Following on from a previous post, this article discusses:

  • Assessing how well the GLM generalises to new data with cross validation
  • Automated GLM selection using grid search

Previously, we looked at using H2O's GLM function to set a rating plan for life insurance contracts. Importing and preparing the data, the use of offsets and fitting the GLM with h2o were all covered here.

The previous model was built using a simulated dataset containing 1.5m records. Each record represents an individual and the columns contain their age, gender, occupation, location, salary details, exposure (how long, in years, the individual was insured) and whether or not a claim was made under their policy.

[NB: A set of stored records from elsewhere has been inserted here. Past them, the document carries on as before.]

lemma aut_eq_iff:
  assumes "aut \<psi>" "x \<in> V" "y \<in> V"
  shows "\<psi> x = \<psi> y \<longleftrightarrow> x = y"
  using inj_on_eq_iff[OF bij_betw_imp_inj_on[OF aut_bij[OF assms(1)]] assms(2,3)] .

lemma triangle_hull_aut:
  assumes "aut \<psi>" "x \<in> V" "y \<in> V" "z \<in> V"
  shows "triangle_hull (\<psi> x) (\<psi> y) (\<psi> z) = \<psi> ` triangle_hull x y z"
proof -
  have mem: "\<psi> w \<in> triangle_hull (\<psi> x) (\<psi> y) (\<psi> z) \<longleftrightarrow> w \<in> triangle_hull x y z"
    if "w \<in> V" for w
    using that assms by (simp add: triangle_hull_def aut_in_V aut_eq_iff aut_adj_iff)
  show ?thesis
  proof (intro equalityI subsetI)
    fix w' assume w': "w' \<in> triangle_hull (\<psi> x) (\<psi> y) (\<psi> z)"
    then have "w' \<in> \<psi> ` V" using triangle_hull_subset aut_image[OF assms(1)] by blast
    then obtain w where "w \<in> V" "w' = \<psi> w" by blast
    then show "w' \<in> \<psi> ` triangle_hull x y z" using mem w' by blast
  next
    fix w' assume "w' \<in> \<psi> ` triangle_hull x y z"
    then obtain w where "w \<in> triangle_hull x y z" "w' = \<psi> w" by blast
    then show "w' \<in> triangle_hull (\<psi> x) (\<psi> y) (\<psi> z)" using mem triangle_hull_subset by blast
  qed
qed

lemma has_remote_triangle_aut:
  assumes "aut \<psi>" "x \<in> V" "y \<in> V" "z \<in> V"
  shows "has_remote_triangle (\<psi> x) (\<psi> y) (\<psi> z) \<longleftrightarrow> has_remote_triangle x y z"
proof -
  have apart: "(\<forall>p\<in>A. \<forall>q\<in>B. \<psi> p \<noteq> \<psi> q \<and> \<not> adj (\<psi> p) (\<psi> q)) \<longleftrightarrow>
      (\<forall>p\<in>A. \<forall>q\<in>B. p \<noteq> q \<and> \<not> adj p q)"
    if "A \<subseteq> V" "B \<subseteq> V" for A B
  proof -
    have "\<psi> p \<noteq> \<psi> q \<and> \<not> adj (\<psi> p) (\<psi> q) \<longleftrightarrow> p \<noteq> q \<and> \<not> adj p q" if "p \<in> A" "q \<in> B" for p q
    proof -
      have "p \<in> V" "q \<in> V" using that \<open>A \<subseteq> V\<close> \<open>B \<subseteq> V\<close> by auto
      then show ?thesis by (simp add: aut_eq_iff[OF assms(1)] aut_adj_iff[OF assms(1)])
    qed
    then show ?thesis by auto
  qed
  have "has_remote_triangle (\<psi> x) (\<psi> y) (\<psi> z) \<longleftrightarrow>
      (\<exists>u\<in>\<psi> ` V. \<exists>v\<in>\<psi> ` V. adj (\<psi> x) u \<and> adj (\<psi> x) v \<and> adj u v \<and>
        (\<forall>p\<in>triangle_hull (\<psi> x) (\<psi> y) (\<psi> z). \<forall>q\<in>triangle_hull (\<psi> x) u v. p \<noteq> q \<and> \<not> adj p q))"
    unfolding has_remote_triangle_def by (simp only: aut_image[OF assms(1)])
  also have "\<dots> \<longleftrightarrow> has_remote_triangle x y z"
    unfolding has_remote_triangle_def
    using assms
    by (simp add: aut_adj_iff triangle_hull_aut apart triangle_hull_subset cong: conj_cong)
  finally show ?thesis .
qed

lemma collinear_aut_iff:
  assumes "4 \<le> m" "3 \<le> n" "aut \<psi>" "x \<in> V" "y \<in> V" "z \<in> V" "adj x y" "adj x z"
  shows "diff_coords (\<psi> x) (\<psi> y) = diff_coords (\<psi> x) (\<psi> z) \<longleftrightarrow> diff_coords x y = diff_coords x z"
proof -
  have image: "\<psi> x \<in> V" "\<psi> y \<in> V" "\<psi> z \<in> V" "adj (\<psi> x) (\<psi> y)" "adj (\<psi> x) (\<psi> z)"
    using assms(3-8) by (simp_all add: aut_in_V aut_adj_iff)
  show ?thesis
  proof (cases "adj y z")
    case True
    then have "adj (\<psi> y) (\<psi> z)" using assms(3,5,6) by (simp add: aut_adj_iff)
    then show ?thesis
      using collinear_iff_has_remote_triangle[OF assms(1,2) image] True
        collinear_iff_has_remote_triangle[OF assms(1,2,4-8) True]
        has_remote_triangle_aut[OF assms(3-6)]
      by simp
  next
    case False
    then have "\<not> adj (\<psi> y) (\<psi> z)" using assms(3,5,6) by (simp add: aut_adj_iff)
    then show ?thesis
      using False same_direction_eq_or_adj[OF assms(5,6,7)]
        same_direction_eq_or_adj[OF image(2,3,4)]
        aut_eq_iff[OF assms(3,5,6)] by auto
  qed
qed

section \<open>Stars versus triangles of directions\<close>

text \<open>Three directions at \<open>x\<close> through a common coordinate \<open>a\<close> can be realised by a triangle
  through every neighbour in the first direction (a star centred at \<open>a\<close>).  Three directions
  \<open>{p, q}, {p, r}, {q, r}\<close> cannot: the line sums force \<open>2 (y p - x p) \<equiv> 0\<close>.  This tells the
  two kinds of triangles of the line graph of \<open>K\<^sub>m\<close> apart, which adjacency of directions alone
  does not do for \<open>m = 4\<close>.\<close>

definition extends_to_triangles ::
  "(nat \<Rightarrow> nat) \<Rightarrow> (nat \<Rightarrow> nat) \<Rightarrow> (nat \<Rightarrow> nat) \<Rightarrow> (nat \<Rightarrow> nat) \<Rightarrow> bool" where
  "extends_to_triangles x y z w \<longleftrightarrow> (\<forall>y'\<in>V. adj x y' \<and> diff_coords x y' = diff_coords x y \<longrightarrow>
     (\<exists>z'\<in>V. \<exists>w'\<in>V. adj x z' \<and> diff_coords x z' = diff_coords x z \<and>
        adj x w' \<and> diff_coords x w' = diff_coords x w \<and> adj y' z' \<and> adj y' w' \<and> adj z' w'))"

lemma extends_to_triangles_if_common:
  assumes "x \<in> V" "diff_coords x y = {a, b}" "diff_coords x z = {a, c}" "diff_coords x w = {a, d}"
    "distinct [a, b, c, d]"
  shows "extends_to_triangles x y z w"
  unfolding extends_to_triangles_def
proof (intro ballI impI)
  fix y' assume y': "y' \<in> V" "adj x y' \<and> diff_coords x y' = diff_coords x y"
  then have y'_dir: "diff_coords x y' = {a, b}" using assms(2) by simp
  then have "a \<in> diff_coords x y'" "c \<in> diff_coords x z" "d \<in> diff_coords x w"
    using assms(3,4) by simp_all
  then have "a < m" "y' a \<noteq> x a" "c < m" "d < m"
    by (simp_all add: diff_coords_iff)
  moreover have "y' a < n" using y'(1) \<open>a < m\<close> by (simp add: csr_vertices_def)
  moreover define z' where "z' = line_point x a c (y' a)"
  moreover define w' where "w' = line_point x a d (y' a)"
  ultimately have z': "z' \<in> V" "adj x z'" "diff_coords x z' = {a, c}" "z' a = y' a"
    and w': "w' \<in> V" "adj x w'" "diff_coords x w' = {a, d}" "w' a = y' a"
    using line_point_in_V line_point_adj assms(1,5) by simp_all
  have "adj y' z'" "adj y' w'" "adj z' w'"
    using star_points_adj[OF y'(1) z'(1) y'_dir z'(3)] star_points_adj[OF y'(1) w'(1) y'_dir w'(3)]
      star_points_adj[OF z'(1) w'(1) z'(3) w'(3)] assms(5) z'(4) w'(4)
    by simp_all
  then show "\<exists>z'\<in>V. \<exists>w'\<in>V. adj x z' \<and> diff_coords x z' = diff_coords x z \<and>
      adj x w' \<and> diff_coords x w' = diff_coords x w \<and> adj y' z' \<and> adj y' w' \<and> adj z' w'"
    using z'(1-3) w'(1-3) assms(3,4) by (intro bexI[where x = z'] bexI[where x = w']) simp_all
qed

The dataset was split into training data (60%), test data (20%) and holdout data (20%). However, the model we extracted actually only used the training data. Next, I'll use the test and holdout sets, as well as cross validation, to refine the model and check that it actually generalises well to new data.

First, check the performance of the baseline model against the test and holdout datasets - this will allow us to see if any changes we make have a positive effect on the model.

In [4]:
# Check performance of baseline model against holdout
h2o.performance(mod1, newdata = holdout_aggregated)
H2ORegressionMetrics: glm

MSE:  0.1958794
RMSE:  0.4425826
MAE:  0.2249019
RMSLE:  0.2507581
Mean Residual Deviance :  0.458425
R^2 :  0.3866104
Null Deviance :1726.763
Null D.o.F. :3758
Residual Deviance :1723.22
Residual D.o.F. :3748
AIC :2897.024

Adding Regularisation

Now, we can experiment with adding regularisation to see if the model can be improved. A detailed discussion of regularisation is beyond the scope of this post. Effectively though, it serves to simplify the GLM and reduces the chance of overfitting to the training set.

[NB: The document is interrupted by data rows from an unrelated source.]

lemma norm_le_width:
  fixes X :: "'a::euclidean_space set"
  assumes "finite X" "aff_dim X = DIM('a)"
  shows "\<exists>C>0. \<forall>a. norm a \<le> C * width X a"
proof -
  obtain x0 where x0: "x0 \<in> X"
    using assms(2) aff_dim_empty by fastforce
  define D where "D = (\<lambda>x. x - x0) ` X"
  have "\<forall>e. \<exists>c. e = (\<Sum>v\<in>D. c v *\<^sub>R v)"
    using span_finite[of D] span_diffs_eq_UNIV[OF assms(2) x0] assms(1) by (auto simp: D_def)
  then obtain c where c: "\<And>e. e = (\<Sum>v\<in>D. c e v *\<^sub>R v)"
    by metis
  define C where "C = 1 + (\<Sum>e\<in>Basis. \<Sum>v\<in>D. \<bar>c e v\<bar>)"
  have "0 \<le> (\<Sum>e\<in>Basis. \<Sum>v\<in>D. \<bar>c e v\<bar>)"
    by (intro sum_nonneg) auto
  then have C: "C > 0" "(\<Sum>e\<in>Basis. \<Sum>v\<in>D. \<bar>c e v\<bar>) \<le> C"
    by (auto simp: C_def)
  have "norm a \<le> C * width X a" for a
  proof -
    have "\<bar>a \<bullet> v\<bar> \<le> width X a" if "v \<in> D" for v
      using that inner_diff_le_width[OF assms(1) _ x0] inner_diff_le_width[OF assms(1) x0]
      by (auto simp: D_def inner_diff_right abs_le_iff)
    then have ae: "\<bar>a \<bullet> e\<bar> \<le> (\<Sum>v\<in>D. \<bar>c e v\<bar>) * width X a" for e
    proof -
      have "\<bar>a \<bullet> e\<bar> = \<bar>\<Sum>v\<in>D. c e v * (a \<bullet> v)\<bar>"
        by (subst c) (simp add: inner_sum_right)
      also have "\<dots> \<le> (\<Sum>v\<in>D. \<bar>c e v\<bar> * \<bar>a \<bullet> v\<bar>)"
        by (rule order_trans[OF sum_abs]) (simp add: abs_mult)
      also have "\<dots> \<le> (\<Sum>v\<in>D. \<bar>c e v\<bar> * width X a)"
        by (intro sum_mono mult_left_mono \<open>\<And>v. v \<in> D \<Longrightarrow> \<bar>a \<bullet> v\<bar> \<le> width X a\<close>) auto
      finally show ?thesis by (simp add: sum_distrib_right)
    qed
    have "norm a \<le> (\<Sum>e\<in>Basis. \<bar>a \<bullet> e\<bar>)"
      by (rule norm_le_l1)
    also have "\<dots> \<le> (\<Sum>e\<in>Basis. (\<Sum>v\<in>D. \<bar>c e v\<bar>) * width X a)"
      by (intro sum_mono ae)
    also have "\<dots> = (\<Sum>e\<in>Basis. \<Sum>v\<in>D. \<bar>c e v\<bar>) * width X a"
      by (simp add: sum_distrib_right)
    also have "\<dots> \<le> C * width X a"
      using C(2) width_nonneg[OF assms(1)] x0 by (intro mult_right_mono) auto
    finally show ?thesis .
  qed
  then show ?thesis using C(1) by blast
qed

lemma normalized_by_width:
  assumes "finite X" "X \<noteq> {}" "0 < C" "\<forall>a. norm a \<le> C * width X a"
  shows "norm (a /\<^sub>R width X a) \<le> C"
    and "0 < a \<bullet> u \<Longrightarrow> 0 < (a /\<^sub>R width X a) \<bullet> u"
    and "\<bar>(a /\<^sub>R width X a) \<bullet> w\<bar> \<le> 1 \<Longrightarrow> \<bar>a \<bullet> w\<bar> \<le> width X a"
proof -
  have pos: "0 < width X a" if "a \<noteq> 0"
  proof -
    have "0 < norm a"
      using that by simp
    then have "0 < C * width X a"
      using assms(4) by (meson order_less_le_trans)
    then show ?thesis
      using assms(3) by (simp add: zero_less_mult_iff)
  qed
  show "norm (a /\<^sub>R width X a) \<le> C"
    using assms(3,4) pos by (cases "a = 0") (auto simp: field_simps)
  show "0 < (a /\<^sub>R width X a) \<bullet> u" if "0 < a \<bullet> u"
    using that pos by (cases "a = 0") auto
  show "\<bar>a \<bullet> w\<bar> \<le> width X a" if "\<bar>(a /\<^sub>R width X a) \<bullet> w\<bar> \<le> 1"
    using that pos width_nonneg[OF assms(1,2)] by (cases "a = 0") (auto simp: field_simps)
qed

lemma separating_system_cuts_translate:
  assumes "separating_system k a b X Y" "x \<in> X" "x + w \<in> Y - X"
  obtains i where "i < k" "b i < a i \<bullet> (x + w)" "0 < a i \<bullet> w"
proof -
  obtain i where i: "i < k" "b i < a i \<bullet> (x + w)"
    using assms(1,3) unfolding separating_system_def by blast
  moreover have "a i \<bullet> x \<le> b i"
    using assms(1,2) i(1) by (auto simp: separating_system_def)
  ultimately show thesis
    using that by (simp add: inner_add_right)
qed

Regularisation involves adding a penalty to the loss function used during coefficient estimation. There are two types of penalty that can be applied, $l_1$ and $l_2$. In both cases, adding a penalty shrinks the model coefficients. However, the shrinkage is applied differently depending on which penalty is used.

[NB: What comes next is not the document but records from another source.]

(* Let $n>p>1$, $X\in\mathbb{R}^{n\times p}$ with rows $x_1^T,\dots,x_n^T$, $Y=(y_1,\dots,y_n)^T$, $p\le h<n$, and assume that for every $(\circ_1,\dots,\circ_{n-1})\in\{+,-\}^{n-1}$ the $(n-1)\times p$ matrix with rows $(x_1\circ_kx_{k+1})^T$, $k=1,\dots,n-1$, has rank $p$. Let $l\in\{2,\dots,p\}$, let $i_1,\dots,i_l\in\{1,\dots,n\}$ be pairwise distinct and $\circ_1,\dots,\circ_{l-1}\in\{+,-\}$. If the system of $l-1$ equations $(x_{i_1}\circ_kx_{i_{k+1}})^T\beta=y_{i_1}\circ_ky_{i_{k+1}}$, $k=1,\dots,l-1$, has rank $l-1$, then there exist $i_{l+1}\in\{1,\dots,n\}\setminus\{i_1,\dots,i_l\}$ and $\circ_l\in\{+,-\}$ such that the system of the $l$ equations $(x_{i_1}\circ_kx_{i_{k+1}})^T\beta=y_{i_1}\circ_ky_{i_{k+1}}$, $k=1,\dots,l$, has rank $l$. Moreover, if some solution $\beta$ of the $(l-1)$-equation system satisfies $r^2_{i_1}(\beta)=r^2_{(h)}(\beta)=r^2_{(h+1)}(\beta)$, then $i_{l+1}$ can be chosen so that there exists $\beta_1\in\mathbb{R}^p$ with $r^2_{i_1}(\beta_1)=\dots=r^2_{i_l}(\beta_1)=r^2_{i_{l+1}}(\beta_1)=r^2_{(h)}(\beta_1)=r^2_{(h+1)}(\beta_1)$.
   Context: $r_i(\beta)=y_i-x_i^T\beta$; $r^2_{(1)}(\beta)\le\dots\le r^2_{(n)}(\beta)$ are the sorted squared residuals. For $\circ\in\{+,-\}$, $a\circ b$ is $a+b$ or $a-b$. The rank of a linear system means the rank of its coefficient matrix. *)

theory Defs
  imports "HOL-Analysis.Analysis"
begin

definition sop :: "bool \<Rightarrow> 'a::ab_group_add \<Rightarrow> 'a \<Rightarrow> 'a" where
  "sop s a b = (if s then a + b else a - b)"

definition resid :: "(nat \<Rightarrow> real^'p) \<Rightarrow> (nat \<Rightarrow> real) \<Rightarrow> nat \<Rightarrow> real^'p \<Rightarrow> real" where
  "resid x y i \<beta> = y i - x i \<bullet> \<beta>"

definition sq_resid_ord :: "nat \<Rightarrow> (nat \<Rightarrow> real^'p) \<Rightarrow> (nat \<Rightarrow> real) \<Rightarrow> nat \<Rightarrow> real^'p \<Rightarrow> real" where
  "sq_resid_ord n x y h \<beta> = sort (map (\<lambda>i. (resid x y i \<beta>)\<^sup>2) [1..<n+1]) ! (h - 1)"

definition rows_rank :: "(nat \<Rightarrow> real^'p) \<Rightarrow> nat set \<Rightarrow> nat" where
  "rows_rank r K = dim (span (r ` K))"

end

theory Submission
  imports Defs
begin

(* Let V be the span of the l - 1 rows x_{i_1} o_k x_{i_{k+1}}.  Since dim V = l - 1 < p while
   the rows x_1 + x_{k+1} span R^p, some index m outside {i_1, ..., i_l} has x_{i_1} or x_m
   outside V; then x_{i_1} + x_m or x_{i_1} - x_m is outside V and the rank goes up.

   For the second claim, move a solution beta_0 along a direction d orthogonal to V that is not
   orthogonal to both x_{i_1} and x_m.  The l - 1 equations stay solved, so r_{i_1}^2 = ... =
   r_{i_l}^2 all along the line.  For every index k outside {i_1, ..., i_l}, r_k + r_{i_1} and
   r_k - r_{i_1} are affine in the step t, and r_k^2 - r_{i_1}^2 is their product.  Stopping at
   the root of smallest modulus among them, none has changed sign, so no squared residual has
   crossed r_{i_1}^2: the h-th and (h+1)-th order statistics still equal r_{i_1}^2, and at the
   root a new index j ties with i_1.  As d moves x_{i_1} or x_j, the new row can be chosen
   outside V. *)

section \<open>Order statistics of sorted lists\<close>

lemma sorted_nth_less_imp_less:
  assumes "sorted s" "i < length s" "s ! i < s ! j"
  shows "i < j"
  using sorted_nth_mono[OF assms(1), of j i] assms(2,3) by (meson leD leI)

lemma sorted_count_less_le_iff:
  fixes s :: "'a::linorder list"
  assumes "sorted s" "k < length s"
  shows "length (filter (\<lambda>v. v < w) s) \<le> k \<longleftrightarrow> w \<le> s ! k"
proof
  assume "w \<le> s ! k"
  then have "{i. i < length s \<and> s ! i < w} \<subseteq> {..<k}"
    using sorted_nth_less_imp_less[OF assms(1)] by (auto intro: less_le_trans)
  then have "card {i. i < length s \<and> s ! i < w} \<le> card {..<k}"
    by (rule card_mono[OF finite_lessThan])
  then show "length (filter (\<lambda>v. v < w) s) \<le> k"
    by (simp add: length_filter_conv_card)
next
  assume count: "length (filter (\<lambda>v. v < w) s) \<le> k"
  show "w \<le> s ! k"
  proof (rule ccontr)
    assume "\<not> w \<le> s ! k"
    then have "{..k} \<subseteq> {i. i < length s \<and> s ! i < w}"
      using sorted_nth_mono[OF assms(1), of _ k] assms(2) by (force simp: not_le intro: le_less_trans)
    then have "card {..k} \<le> card {i. i < length s \<and> s ! i < w}"
      by (intro card_mono) simp_all
    with count show False by (simp add: length_filter_conv_card)
  qed
qed

lemma sorted_count_greater_less_iff:
  fixes s :: "'a::linorder list"
  assumes "sorted s" "k < length s"
  shows "length (filter (\<lambda>v. w < v) s) < length s - k \<longleftrightarrow> s ! k \<le> w"
proof
  assume "s ! k \<le> w"
  then have "{i. i < length s \<and> w < s ! i} \<subseteq> {Suc k..<length s}"
    using sorted_nth_less_imp_less[OF assms(1) assms(2)] by (force simp: Suc_le_eq intro: le_less_trans)
  then have "card {i. i < length s \<and> w < s ! i} \<le> card {Suc k..<length s}"
    by (rule card_mono[OF finite_atLeastLessThan])
  then show "length (filter (\<lambda>v. w < v) s) < length s - k"
    using assms(2) by (simp add: length_filter_conv_card)
next
  assume count: "length (filter (\<lambda>v. w < v) s) < length s - k"
  show "s ! k \<le> w"
  proof (rule ccontr)
    assume "\<not> s ! k \<le> w"
    then have "{k..<length s} \<subseteq> {i. i < length s \<and> w < s ! i}"
      using sorted_nth_mono[OF assms(1), of k] by (force simp: not_le intro: less_le_trans)
    then have "card {k..<length s} \<le> card {i. i < length s \<and> w < s ! i}"
      by (intro card_mono) simp_all
    with count show False by (simp add: length_filter_conv_card)
  qed
qed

The $l_1$ (LASSO) penalty penalises the sum of the absolute coefficients. Coefficients will shrink in absolute terms and therefore when a sufficiently large penalty is applied coefficients will reduce to 0 (reducing parameters to 0 removes them from the model). Essentially, this stops the model fitting to noise in the data by removing certain features.

The $l_2$ (ridge) penalty shrinks coefficients proportionally and does not remove any coefficients from the model.

According to the h2o documentaion, a combination of the $l_1$ and $l_2$ penalty (elastic net) is beneficial because $l_1$ induces sparsity, while $l_2$ gives stability and encourages the grouping effect (where a group of correlated variables tend to be dropped or added into the model simultaneously).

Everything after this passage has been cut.